What to produce:
Check every line of the entries below for the word "longrightarrow". Then give the number of lines that have it, with nothing added.

Given information:
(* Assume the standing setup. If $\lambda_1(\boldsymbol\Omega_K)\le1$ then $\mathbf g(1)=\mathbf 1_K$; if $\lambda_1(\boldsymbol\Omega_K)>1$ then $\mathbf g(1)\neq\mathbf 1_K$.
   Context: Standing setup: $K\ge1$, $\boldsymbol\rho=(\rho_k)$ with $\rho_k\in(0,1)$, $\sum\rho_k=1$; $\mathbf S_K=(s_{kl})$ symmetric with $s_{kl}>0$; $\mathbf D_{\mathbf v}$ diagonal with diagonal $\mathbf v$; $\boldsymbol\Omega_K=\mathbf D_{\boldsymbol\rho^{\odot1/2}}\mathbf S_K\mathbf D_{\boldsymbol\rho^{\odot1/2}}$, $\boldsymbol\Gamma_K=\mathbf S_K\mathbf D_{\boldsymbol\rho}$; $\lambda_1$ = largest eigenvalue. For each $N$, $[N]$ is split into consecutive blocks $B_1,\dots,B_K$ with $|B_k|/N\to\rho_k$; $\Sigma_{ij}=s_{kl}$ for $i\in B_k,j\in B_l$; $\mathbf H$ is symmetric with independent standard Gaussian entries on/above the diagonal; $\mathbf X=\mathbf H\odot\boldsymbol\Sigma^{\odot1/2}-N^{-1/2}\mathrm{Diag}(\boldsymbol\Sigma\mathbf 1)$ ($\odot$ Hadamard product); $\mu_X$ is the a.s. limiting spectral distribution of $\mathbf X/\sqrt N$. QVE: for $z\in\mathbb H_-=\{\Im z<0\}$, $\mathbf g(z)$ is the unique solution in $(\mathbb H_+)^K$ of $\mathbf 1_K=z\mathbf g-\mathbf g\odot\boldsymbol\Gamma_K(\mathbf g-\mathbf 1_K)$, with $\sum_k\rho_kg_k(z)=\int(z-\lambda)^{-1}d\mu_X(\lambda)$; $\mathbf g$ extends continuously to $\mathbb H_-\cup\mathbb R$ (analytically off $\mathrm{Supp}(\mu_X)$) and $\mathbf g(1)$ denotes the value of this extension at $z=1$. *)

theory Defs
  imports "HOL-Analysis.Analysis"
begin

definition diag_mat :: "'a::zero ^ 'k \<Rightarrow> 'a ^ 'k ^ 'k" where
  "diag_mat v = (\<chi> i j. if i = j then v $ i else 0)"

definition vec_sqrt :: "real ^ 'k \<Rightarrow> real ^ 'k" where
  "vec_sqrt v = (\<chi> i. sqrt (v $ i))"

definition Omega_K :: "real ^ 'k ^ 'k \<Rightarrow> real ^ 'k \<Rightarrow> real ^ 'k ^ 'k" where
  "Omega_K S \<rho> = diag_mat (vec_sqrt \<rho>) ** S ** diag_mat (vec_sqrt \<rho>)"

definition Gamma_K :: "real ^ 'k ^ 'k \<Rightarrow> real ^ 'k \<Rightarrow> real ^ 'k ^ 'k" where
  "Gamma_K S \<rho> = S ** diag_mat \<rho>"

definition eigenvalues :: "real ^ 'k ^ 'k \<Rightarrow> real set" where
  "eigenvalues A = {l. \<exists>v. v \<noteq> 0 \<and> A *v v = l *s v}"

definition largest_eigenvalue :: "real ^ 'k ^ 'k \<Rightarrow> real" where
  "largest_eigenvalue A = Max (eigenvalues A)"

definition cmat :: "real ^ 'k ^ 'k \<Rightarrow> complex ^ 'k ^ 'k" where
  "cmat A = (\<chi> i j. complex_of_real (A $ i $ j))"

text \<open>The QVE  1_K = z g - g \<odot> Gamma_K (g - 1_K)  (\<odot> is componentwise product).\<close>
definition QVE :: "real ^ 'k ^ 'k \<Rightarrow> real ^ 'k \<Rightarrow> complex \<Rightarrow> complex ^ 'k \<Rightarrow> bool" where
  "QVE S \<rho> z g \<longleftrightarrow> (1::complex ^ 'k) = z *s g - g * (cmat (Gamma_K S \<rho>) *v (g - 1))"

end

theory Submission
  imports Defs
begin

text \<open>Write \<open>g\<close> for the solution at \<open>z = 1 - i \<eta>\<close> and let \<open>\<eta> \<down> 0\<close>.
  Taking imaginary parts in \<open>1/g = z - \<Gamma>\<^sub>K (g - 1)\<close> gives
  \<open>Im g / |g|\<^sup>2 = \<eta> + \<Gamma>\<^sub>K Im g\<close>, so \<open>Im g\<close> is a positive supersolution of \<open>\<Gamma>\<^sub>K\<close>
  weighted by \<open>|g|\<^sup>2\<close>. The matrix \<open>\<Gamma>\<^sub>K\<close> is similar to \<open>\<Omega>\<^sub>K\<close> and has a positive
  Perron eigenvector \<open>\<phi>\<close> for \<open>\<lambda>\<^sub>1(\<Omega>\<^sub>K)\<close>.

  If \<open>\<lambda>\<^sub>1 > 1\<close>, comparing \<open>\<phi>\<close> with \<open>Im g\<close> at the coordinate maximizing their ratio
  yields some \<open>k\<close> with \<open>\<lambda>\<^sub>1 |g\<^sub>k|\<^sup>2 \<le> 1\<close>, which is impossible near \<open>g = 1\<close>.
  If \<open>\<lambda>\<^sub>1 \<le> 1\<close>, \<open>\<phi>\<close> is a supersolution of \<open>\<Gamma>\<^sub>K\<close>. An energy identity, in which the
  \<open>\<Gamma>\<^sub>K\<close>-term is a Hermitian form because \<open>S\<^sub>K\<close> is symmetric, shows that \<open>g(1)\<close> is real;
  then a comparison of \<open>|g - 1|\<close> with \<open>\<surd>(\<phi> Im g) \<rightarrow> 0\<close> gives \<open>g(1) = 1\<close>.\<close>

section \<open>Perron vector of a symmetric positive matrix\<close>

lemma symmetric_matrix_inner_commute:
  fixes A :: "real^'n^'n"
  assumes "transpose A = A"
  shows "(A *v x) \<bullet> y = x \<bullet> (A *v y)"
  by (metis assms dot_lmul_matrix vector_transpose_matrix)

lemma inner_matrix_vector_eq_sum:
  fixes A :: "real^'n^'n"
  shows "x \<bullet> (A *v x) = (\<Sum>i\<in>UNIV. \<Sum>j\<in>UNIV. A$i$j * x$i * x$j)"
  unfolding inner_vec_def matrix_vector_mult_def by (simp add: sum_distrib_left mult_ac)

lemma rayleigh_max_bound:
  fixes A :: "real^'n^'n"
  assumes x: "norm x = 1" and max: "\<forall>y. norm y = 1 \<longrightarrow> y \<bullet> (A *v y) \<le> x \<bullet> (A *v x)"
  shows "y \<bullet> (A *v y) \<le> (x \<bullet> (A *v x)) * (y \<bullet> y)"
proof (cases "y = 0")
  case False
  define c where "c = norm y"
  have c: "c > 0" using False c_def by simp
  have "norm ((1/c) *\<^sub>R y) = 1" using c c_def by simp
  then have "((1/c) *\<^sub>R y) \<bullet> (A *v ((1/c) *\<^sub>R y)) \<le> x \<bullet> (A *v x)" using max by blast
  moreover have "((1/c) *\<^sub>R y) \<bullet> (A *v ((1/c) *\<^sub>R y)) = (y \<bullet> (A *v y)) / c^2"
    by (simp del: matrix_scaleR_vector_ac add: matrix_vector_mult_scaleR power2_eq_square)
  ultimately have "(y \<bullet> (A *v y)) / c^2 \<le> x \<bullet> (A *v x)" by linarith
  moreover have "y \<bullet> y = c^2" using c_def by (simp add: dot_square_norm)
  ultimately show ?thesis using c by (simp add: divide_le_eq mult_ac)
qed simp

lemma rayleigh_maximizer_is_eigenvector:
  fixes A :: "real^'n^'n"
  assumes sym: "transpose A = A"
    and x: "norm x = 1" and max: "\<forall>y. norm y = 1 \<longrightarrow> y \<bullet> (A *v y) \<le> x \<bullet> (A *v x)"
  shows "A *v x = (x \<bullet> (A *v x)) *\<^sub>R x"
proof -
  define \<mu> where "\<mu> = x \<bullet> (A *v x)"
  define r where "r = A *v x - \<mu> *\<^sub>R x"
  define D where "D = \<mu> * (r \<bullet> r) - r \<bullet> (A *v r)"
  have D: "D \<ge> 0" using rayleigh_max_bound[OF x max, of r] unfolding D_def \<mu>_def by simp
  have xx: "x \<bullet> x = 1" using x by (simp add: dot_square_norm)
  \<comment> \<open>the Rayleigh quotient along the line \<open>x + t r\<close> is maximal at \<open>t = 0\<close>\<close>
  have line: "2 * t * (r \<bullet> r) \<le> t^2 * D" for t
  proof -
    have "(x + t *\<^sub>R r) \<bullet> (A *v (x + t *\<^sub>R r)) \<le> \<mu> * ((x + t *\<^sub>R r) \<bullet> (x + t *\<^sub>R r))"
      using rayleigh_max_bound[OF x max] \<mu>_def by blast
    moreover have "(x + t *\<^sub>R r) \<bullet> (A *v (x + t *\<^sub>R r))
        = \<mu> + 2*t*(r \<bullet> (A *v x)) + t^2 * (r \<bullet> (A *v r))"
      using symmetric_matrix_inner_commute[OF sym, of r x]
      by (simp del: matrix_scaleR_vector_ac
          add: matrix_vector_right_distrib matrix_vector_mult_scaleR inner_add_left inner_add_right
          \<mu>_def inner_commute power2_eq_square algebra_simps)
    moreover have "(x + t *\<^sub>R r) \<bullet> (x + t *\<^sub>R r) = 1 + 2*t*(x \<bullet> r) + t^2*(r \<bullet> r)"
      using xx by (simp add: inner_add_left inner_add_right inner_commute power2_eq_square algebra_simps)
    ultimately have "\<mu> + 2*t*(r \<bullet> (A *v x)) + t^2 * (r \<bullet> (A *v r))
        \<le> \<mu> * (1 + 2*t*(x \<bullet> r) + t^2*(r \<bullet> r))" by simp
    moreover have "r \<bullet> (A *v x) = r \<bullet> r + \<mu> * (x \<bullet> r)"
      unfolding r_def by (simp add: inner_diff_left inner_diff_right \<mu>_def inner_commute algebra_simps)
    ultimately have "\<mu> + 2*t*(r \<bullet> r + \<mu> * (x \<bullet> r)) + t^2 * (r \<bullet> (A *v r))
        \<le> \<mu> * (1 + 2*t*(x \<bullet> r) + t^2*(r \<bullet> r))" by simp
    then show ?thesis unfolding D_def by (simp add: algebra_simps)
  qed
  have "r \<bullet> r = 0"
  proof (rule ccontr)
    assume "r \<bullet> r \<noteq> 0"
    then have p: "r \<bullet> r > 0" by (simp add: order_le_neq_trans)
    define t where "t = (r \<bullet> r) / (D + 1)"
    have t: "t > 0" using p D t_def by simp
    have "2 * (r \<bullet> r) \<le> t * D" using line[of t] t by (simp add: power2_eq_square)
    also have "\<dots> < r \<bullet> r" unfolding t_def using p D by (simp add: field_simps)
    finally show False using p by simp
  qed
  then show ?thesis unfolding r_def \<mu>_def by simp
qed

Task result:
2